260. (1) An employer shall ensure that an enclosed or pneumatic conveyor used for carrying combustible or flammable material of an explosive nature is provided with an adequate explosion prevention system or with safety relief vents leading as directly as possible to the outside air and not connecting with any chimney pipe, vent or flue used for any other purpose.
(2) Where non-escape of materials being carried on an enclosed conveyor is essential, an employer shall ensure that safety relief vent outlets on the conveyor are provided with counter-balanced relief valves.
(3) An employer shall ensure that a fan for a pneumatic conveyor is
(a) made of fire resistive material,
(b) secured to a substantial support or foundation,
(c) located, arranged and guarded so as to afford ready and safe access for maintenance, and
(d) provided with remote controls in addition to normal operating controls.
(4) Where flammable materials are passed through the fan of a pneumatic conveyor, an employer shall ensure that the blades and spiders of the fan are made of non-ferrous material and the casing of the fan is lined with non-ferrous material.
(5) An employer shall ensure that intake openings of fans for a pneumatic conveyor are protected with metal screens or gratings.
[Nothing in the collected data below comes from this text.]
(* Let $S\subset\mathbb{R}^n$ and $U_0\subset\mathbb{R}^{n\times n}$ be polyhedra (a safety region and an initial uncertainty set) and let $A_\star\in U_0$ be the unknown true matrix. Then one-step safe learning is possible if and only if the One-Step Safe Learning Algorithm described below, run with an arbitrary choice of cost vector $c\in\mathbb{R}^n$ and an arbitrary constant $\varepsilon\in(0,1]$, returns a matrix (rather than declaring that one-step safe learning is impossible).
   Context: System: $x_{t+1}=A_\star x_t$ with $A_\star$ unknown, $A_\star\in U_0$. Given measurements $(x_j,y_j)$, $j=1,\dots,k$, with $y_j=A_\star x_j$, let $U_k=\{A\in U_0\mid Ax_j=y_j,\ j=1,\dots,k\}$ and let $S^1_k=\{x\in S\mid Ax\in S\ \forall A\in U_k\}$ (the set of points that are one-step safe under all matrices consistent with the data). Definition (one-step safe learning). One-step safe learning is possible if for some nonnegative integer $m$ one can sequentially choose vectors $x_k\in S$, $k=1,\dots,m$ (each choice may depend on the previous observations), observing $y_k=A_\star x_k$ after each choice, such that (1) (safety) for $k=1,\dots,m$, $Ax_k\in S$ for all $A\in U_{k-1}$, and (2) (learning) $U_m$ is a singleton. One-Step Safe Learning Algorithm (input $S,U_0,c,\varepsilon$). For $k=0,1,\dots,n-1$: (a) if $U_k$ is a singleton, return its unique element; (b) let $x_k^\star$ be an optimal solution of $\min\{c^Tx \mid x\in S^1_k\}$ (a linear program); (c) if $x_k^\star$ is linearly independent from $\{x_1,\dots,x_k\}$, set $x_{k+1}=x_k^\star$; otherwise compute a basis $B_k\subset S^1_k$ of $\mathrm{span}(S^1_k)$, and if some $z\in B_k$ is linearly independent from $\{x_1,\dots,x_k\}$, set $x_{k+1}=(1-\varepsilon)x_k^\star+\varepsilon z$ for the first such $z$, while if no element of $B_k$ is linearly independent from $\{x_1,\dots,x_k\}$, stop and declare that one-step safe learning is impossible; (d) observe $y_{k+1}=A_\star x_{k+1}$. If the loop completes, let $X=[x_1,\dots,x_n]$, $Y=[y_1,\dots,y_n]$ and return $YX^{-1}$. *)

theory Defs
  imports "HOL-Analysis.Analysis"
begin

text \<open>State space R^n is modelled as real^'n (n = CARD('n)), matrices as real^'n^'n.\<close>

definition Uset :: "(real^'n^'n) set \<Rightarrow> real^'n^'n \<Rightarrow> (real^'n) list \<Rightarrow> (real^'n^'n) set" where
  "Uset U0 Astar xs = {A \<in> U0. \<forall>j < length xs. A *v (xs ! j) = Astar *v (xs ! j)}"

definition S1 :: "(real^'n) set \<Rightarrow> (real^'n^'n) set \<Rightarrow> (real^'n) set" where
  "S1 S U = {x \<in> S. \<forall>A \<in> U. A *v x \<in> S}"

definition one_step_safe_learnable ::
  "(real^'n) set \<Rightarrow> (real^'n^'n) set \<Rightarrow> real^'n^'n \<Rightarrow> bool" where
  "one_step_safe_learnable S U0 Astar \<longleftrightarrow>
     (\<exists>xs :: (real^'n) list.
        (\<forall>k < length xs. xs ! k \<in> S \<and>
            (\<forall>A \<in> Uset U0 Astar (take k xs). A *v (xs ! k) \<in> S)) \<and>
        (\<exists>A. Uset U0 Astar xs = {A}))"

definition lp_opt :: "real^'n \<Rightarrow> (real^'n) set \<Rightarrow> real^'n \<Rightarrow> bool" where
  "lp_opt c P x \<longleftrightarrow> x \<in> P \<and> (\<forall>y \<in> P. c \<bullet> x \<le> c \<bullet> y)"

definition basis_list_of :: "(real^'n) set \<Rightarrow> (real^'n) list \<Rightarrow> bool" where
  "basis_list_of P B \<longleftrightarrow> distinct B \<and> set B \<subseteq> P \<and> independent (set B) \<and> span (set B) = span P"

datatype 'm alg_outcome = Returns 'm | Impossible

text \<open>Matrix X whose columns are the vectors of the list xs (length n), in a fixed
  enumeration of the index type; Y X^{-1} does not depend on this enumeration.\<close>
definition col_idx :: "'n::finite \<Rightarrow> nat" where
  "col_idx = (SOME f. bij_betw f (UNIV :: 'n set) {..<CARD('n)})"

definition colmat :: "(real^'n) list \<Rightarrow> real^'n^'n" where
  "colmat xs = (\<chi> i j. (xs ! col_idx j) $ i)"

text \<open>Runs of the One-Step Safe Learning Algorithm with inputs S, U0, c, eps against the
  true matrix Astar.  alg_run ... xs out: starting in the state where the points xs
  (= x_1..x_k, k = length xs) have been chosen and observed, the algorithm can end
  with outcome out.  All nondeterministic choices (optimal LP solution, basis and its
  ordering) are allowed.\<close>
inductive alg_run ::
  "(real^'n) set \<Rightarrow> (real^'n^'n) set \<Rightarrow> real^'n^'n \<Rightarrow> real^'n \<Rightarrow> real
     \<Rightarrow> (real^'n) list \<Rightarrow> (real^'n^'n) alg_outcome \<Rightarrow> bool"
  for S U0 Astar c eps where
  singleton:
    "\<lbrakk>length xs < CARD('n); Uset U0 Astar xs = {A}\<rbrakk>
       \<Longrightarrow> alg_run S U0 Astar c eps xs (Returns A)"
| take_opt:
    "\<lbrakk>length xs < CARD('n); \<not> (\<exists>A. Uset U0 Astar xs = {A});
      lp_opt c (S1 S (Uset U0 Astar xs)) xstar; xstar \<notin> span (set xs);
      alg_run S U0 Astar c eps (xs @ [xstar]) out\<rbrakk>
       \<Longrightarrow> alg_run S U0 Astar c eps xs out"
| take_mix:
    "\<lbrakk>length xs < CARD('n); \<not> (\<exists>A. Uset U0 Astar xs = {A});
      lp_opt c (S1 S (Uset U0 Astar xs)) xstar; xstar \<in> span (set xs);
      basis_list_of (S1 S (Uset U0 Astar xs)) B;
      i < length B; B ! i \<notin> span (set xs); \<forall>j < i. B ! j \<in> span (set xs);
      alg_run S U0 Astar c eps (xs @ [(1 - eps) *\<^sub>R xstar + eps *\<^sub>R (B ! i)]) out\<rbrakk>
       \<Longrightarrow> alg_run S U0 Astar c eps xs out"
| impossible:
    "\<lbrakk>length xs < CARD('n); \<not> (\<exists>A. Uset U0 Astar xs = {A});
      lp_opt c (S1 S (Uset U0 Astar xs)) xstar; xstar \<in> span (set xs);
      basis_list_of (S1 S (Uset U0 Astar xs)) B;
      \<forall>z \<in> set B. z \<in> span (set xs)\<rbrakk>
       \<Longrightarrow> alg_run S U0 Astar c eps xs Impossible"
| complete:
    "length xs = CARD('n)
       \<Longrightarrow> alg_run S U0 Astar c eps xs
             (Returns (colmat (map (\<lambda>x. Astar *v x) xs) ** matrix_inv (colmat xs)))"

end

theory Submission
  imports Defs
begin

text \<open>Every point the algorithm queries is one-step safe and lies outside the span of the
  earlier queries; in particular the mixed point \<open>(1 - eps) x\<^sup>* + eps z\<close> stays in the convex
  set \<open>S\<^sup>1\<^sub>k\<close> and leaves the span because \<open>eps \<noteq> 0\<close>.  So a run either stops early with a
  singleton \<open>U\<^sub>k\<close> or reaches \<open>n\<close> independent safe queries, which pin down \<open>A\<^sub>\<star>\<close>: one-step safe
  learning is possible.  Conversely, when the algorithm declares impossibility, every one-step
  safe point lies in the span of the data \<open>x\<^sub>1, \<dots>, x\<^sub>k\<close>, and since \<open>U\<^sub>k\<close> only depends on that
  span, no safe sequence of queries can ever leave it or shrink \<open>U\<^sub>k\<close>, which is not a singleton.\<close>

lemma matrix_vector_mult_eq_on_span:
  fixes A B :: "real^'n^'m"
  assumes "\<forall>x\<in>X. A *v x = B *v x" and "v \<in> span X"
  shows "A *v v = B *v v"
  using linear_eq_on_span[OF matrix_vector_mul_linear matrix_vector_mul_linear] assms
  by blast

lemma Uset_eq_span:
  "Uset U0 Astar xs = {A \<in> U0. \<forall>v \<in> span (set xs). A *v v = Astar *v v}"
proof -
  have "(\<forall>j < length xs. A *v (xs ! j) = Astar *v (xs ! j)) \<longleftrightarrow>
        (\<forall>v \<in> span (set xs). A *v v = Astar *v v)" for A
  proof
    assume "\<forall>j < length xs. A *v (xs ! j) = Astar *v (xs ! j)"
    then have "\<forall>x \<in> set xs. A *v x = Astar *v x"
      by (auto simp: in_set_conv_nth)
    then show "\<forall>v \<in> span (set xs). A *v v = Astar *v v"
      using matrix_vector_mult_eq_on_span by blast
  next
    assume "\<forall>v \<in> span (set xs). A *v v = Astar *v v"
    then show "\<forall>j < length xs. A *v (xs ! j) = Astar *v (xs ! j)"
      by (simp add: span_base)
  qed
  then show ?thesis
    unfolding Uset_def by blast
qed

lemma Uset_antimono:
  assumes "set zs \<subseteq> span (set xs)"
  shows "Uset U0 Astar xs \<subseteq> Uset U0 Astar zs"
  using span_minimal[OF assms subspace_span] by (auto simp: Uset_eq_span)

lemma Astar_in_Uset: "Astar \<in> U0 \<Longrightarrow> Astar \<in> Uset U0 Astar xs"
  unfolding Uset_def by simp

lemma Uset_eq_singleton_if_span_UNIV:
  assumes "span (set xs) = UNIV" and "Astar \<in> U0"
  shows "Uset U0 Astar xs = {Astar}"
  using assms by (auto simp: Uset_eq_span matrix_eq)

lemma S1_antimono: "U \<subseteq> U' \<Longrightarrow> S1 S U' \<subseteq> S1 S U"
  unfolding S1_def by auto

lemma convex_S1:
  assumes "convex S"
  shows "convex (S1 S U)"
proof -
  have "S1 S U = S \<inter> (\<Inter>A\<in>U. (\<lambda>x. A *v x) -` S)"
    unfolding S1_def by auto
  then show ?thesis
    using assms by (simp add: convex_Int convex_INT convex_linear_vimage)
qed

lemma affine_comb_notin_span:
  assumes "x \<in> span X" and "z \<notin> span X" and "u \<noteq> 0"
  shows "(1 - u) *\<^sub>R x + u *\<^sub>R z \<notin> span X"
proof
  assume "(1 - u) *\<^sub>R x + u *\<^sub>R z \<in> span X"
  then have "(1 / u) *\<^sub>R ((1 - u) *\<^sub>R x + u *\<^sub>R z - (1 - u) *\<^sub>R x) \<in> span X"
    using assms(1) by (intro span_scale span_diff)
  then show False
    using assms(2,3) by simp
qed

definition one_step_safe_seq ::
  "(real^'n) set \<Rightarrow> (real^'n^'n) set \<Rightarrow> real^'n^'n \<Rightarrow> (real^'n) list \<Rightarrow> bool" where
  "one_step_safe_seq S U0 Astar xs \<longleftrightarrow>
     (\<forall>k < length xs. xs ! k \<in> S1 S (Uset U0 Astar (take k xs)))"

lemma one_step_safe_seq_Nil [simp]: "one_step_safe_seq S U0 Astar []"
  unfolding one_step_safe_seq_def by simp

lemma one_step_safe_seq_snoc:
  "one_step_safe_seq S U0 Astar (xs @ [x]) \<longleftrightarrow>
     one_step_safe_seq S U0 Astar xs \<and> x \<in> S1 S (Uset U0 Astar xs)"
  unfolding one_step_safe_seq_def by (auto simp: nth_append less_Suc_eq)

lemma one_step_safe_learnable_iff:
  "one_step_safe_learnable S U0 Astar \<longleftrightarrow>
     (\<exists>xs. one_step_safe_seq S U0 Astar xs \<and> (\<exists>A. Uset U0 Astar xs = {A}))"
  unfolding one_step_safe_learnable_def one_step_safe_seq_def S1_def by blast

lemma one_step_safe_seq_in_span:
  assumes confined: "S1 S (Uset U0 Astar xs) \<subseteq> span (set xs)"
    and "one_step_safe_seq S U0 Astar zs"
  shows "set zs \<subseteq> span (set xs)"
  using assms(2)
proof (induction zs rule: rev_induct)
  case Nil
  then show ?case by simp
next
  case (snoc z zs)
  then have zs_in_span: "set zs \<subseteq> span (set xs)"
    by (simp add: one_step_safe_seq_snoc)
  from snoc.prems have "z \<in> S1 S (Uset U0 Astar zs)"
    by (simp add: one_step_safe_seq_snoc)
  also have "\<dots> \<subseteq> S1 S (Uset U0 Astar xs)"
    by (rule S1_antimono[OF Uset_antimono[OF zs_in_span]])
  finally show ?case
    using confined zs_in_span by auto
qed

lemma not_learnable_if_S1_in_span:
  assumes confined: "S1 S (Uset U0 Astar xs) \<subseteq> span (set xs)"
    and not_singleton: "\<not> (\<exists>A. Uset U0 Astar xs = {A})"
    and "Astar \<in> U0"
  shows "\<not> one_step_safe_learnable S U0 Astar"
proof
  assume "one_step_safe_learnable S U0 Astar"
  then obtain zs A where safe: "one_step_safe_seq S U0 Astar zs" and "Uset U0 Astar zs = {A}"
    unfolding one_step_safe_learnable_iff by blast
  then have "Uset U0 Astar xs \<subseteq> {A}"
    using Uset_antimono[OF one_step_safe_seq_in_span[OF confined safe], of U0 Astar] by simp
  moreover have "Astar \<in> Uset U0 Astar xs"
    using Astar_in_Uset[OF \<open>Astar \<in> U0\<close>] .
  ultimately have "Uset U0 Astar xs = {A}"
    by blast
  then show False
    using not_singleton by blast
qed

lemma alg_run_Impossible_not_learnable:
  fixes S :: "(real^'n) set"
  assumes "alg_run S U0 Astar c eps xs Impossible" and "Astar \<in> U0"
  shows "\<not> one_step_safe_learnable S U0 Astar"
  using assms
proof (induction xs "Impossible :: (real^'n^'n) alg_outcome" rule: alg_run.induct)
  case (impossible xs xstar B)
  have "S1 S (Uset U0 Astar xs) \<subseteq> span (set B)"
    using \<open>basis_list_of (S1 S (Uset U0 Astar xs)) B\<close> span_superset
    unfolding basis_list_of_def by blast
  also have "\<dots> \<subseteq> span (set xs)"
    using \<open>\<forall>z \<in> set B. z \<in> span (set xs)\<close> by (intro span_minimal) auto
  finally show ?case
    using not_learnable_if_S1_in_span impossible.hyps(2) impossible.prems by blast
qed

lemma alg_run_Returns_learnable:
  fixes S :: "(real^'n) set"
  assumes "alg_run S U0 Astar c eps xs (Returns M)"
    and "Astar \<in> U0" and "convex S" and "0 < eps" and "eps \<le> 1"
    and "one_step_safe_seq S U0 Astar xs" and "distinct xs" and "independent (set xs)"
  shows "one_step_safe_learnable S U0 Astar"
  using assms
proof (induction xs "Returns M" rule: alg_run.induct)
  case (singleton xs)
  then show ?case
    by (auto simp: one_step_safe_learnable_iff)
next
  case (take_opt xs xstar)
  have "xstar \<in> S1 S (Uset U0 Astar xs)"
    using \<open>lp_opt c _ xstar\<close> unfolding lp_opt_def by blast
  moreover have "xstar \<notin> set xs"
    using \<open>xstar \<notin> span (set xs)\<close> span_superset by blast
  ultimately show ?case
    using take_opt by (simp add: one_step_safe_seq_snoc independent_insertI)
next
  case (take_mix xs xstar B i)
  let ?P = "S1 S (Uset U0 Astar xs)"
  let ?y = "(1 - eps) *\<^sub>R xstar + eps *\<^sub>R (B ! i)"
  have xstar: "xstar \<in> ?P"
    using \<open>lp_opt c ?P xstar\<close> unfolding lp_opt_def by blast
  have basis_elem: "B ! i \<in> ?P"
    using \<open>basis_list_of ?P B\<close> \<open>i < length B\<close> unfolding basis_list_of_def by auto
  have "?y \<in> ?P"
    using convexD[OF convex_S1[OF \<open>convex S\<close>] xstar basis_elem, of "1 - eps" eps]
      \<open>0 < eps\<close> \<open>eps \<le> 1\<close> by simp
  moreover have "?y \<notin> span (set xs)"
    using affine_comb_notin_span[OF take_mix.hyps(4,7)] \<open>0 < eps\<close> by simp
  moreover have "?y \<notin> set xs"
    using \<open>?y \<notin> span (set xs)\<close> span_superset by blast
  ultimately show ?case
    using take_mix by (simp add: one_step_safe_seq_snoc independent_insertI)
next
  case (complete xs)
  have "span (set xs) = UNIV"
    using card_eq_dim[of "set xs" UNIV] complete.hyps \<open>distinct xs\<close> \<open>independent (set xs)\<close>
    by (auto simp: distinct_card)
  then have "Uset U0 Astar xs = {Astar}"
    using Uset_eq_singleton_if_span_UNIV \<open>Astar \<in> U0\<close> by blast
  then show ?case
    using \<open>one_step_safe_seq S U0 Astar xs\<close> unfolding one_step_safe_learnable_iff by blast
qed

theorem theorem7:
  fixes S :: "(real^'n) set" and U0 :: "(real^'n^'n) set"
    and Astar :: "real^'n^'n" and c :: "real^'n" and eps :: real
    and out :: "(real^'n^'n) alg_outcome"
  assumes "polyhedron S" and "polyhedron U0" and "Astar \<in> U0"
    and "0 < eps" and "eps \<le> 1"
    and "alg_run S U0 Astar c eps [] out"
  shows "one_step_safe_learnable S U0 Astar \<longleftrightarrow> (\<exists>M. out = Returns M)"
proof (cases out)
  case (Returns M)
  then have "one_step_safe_learnable S U0 Astar"
    using alg_run_Returns_learnable[of S U0 Astar c eps "[]" M] assms
      polyhedron_imp_convex[OF assms(1)] by (simp add: independent_empty)
  then show ?thesis
    using Returns by simp
next
  case Impossible
  then have "\<not> one_step_safe_learnable S U0 Astar"
    using alg_run_Impossible_not_learnable[of S U0 Astar c eps "[]"] assms(3,6) by simp
  then show ?thesis
    using Impossible by simp
qed

end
(6) Where material is fed by hand into a pneumatic conveyor 300 mm in width or larger, an employer shall ensure that precautions are taken to prevent an employee from being drawn into the opening.
261. (1) An employee shall not
(a) stand on the supporting frame of a conveyor while loading or unloading the conveyor or when clearing blockages on the conveyor unless the conveyor is stopped and locked out, or
(b) ride on a conveyor.
(2) An employee shall remove heavy or bulky articles by hand from a moving conveyor at designated stations only.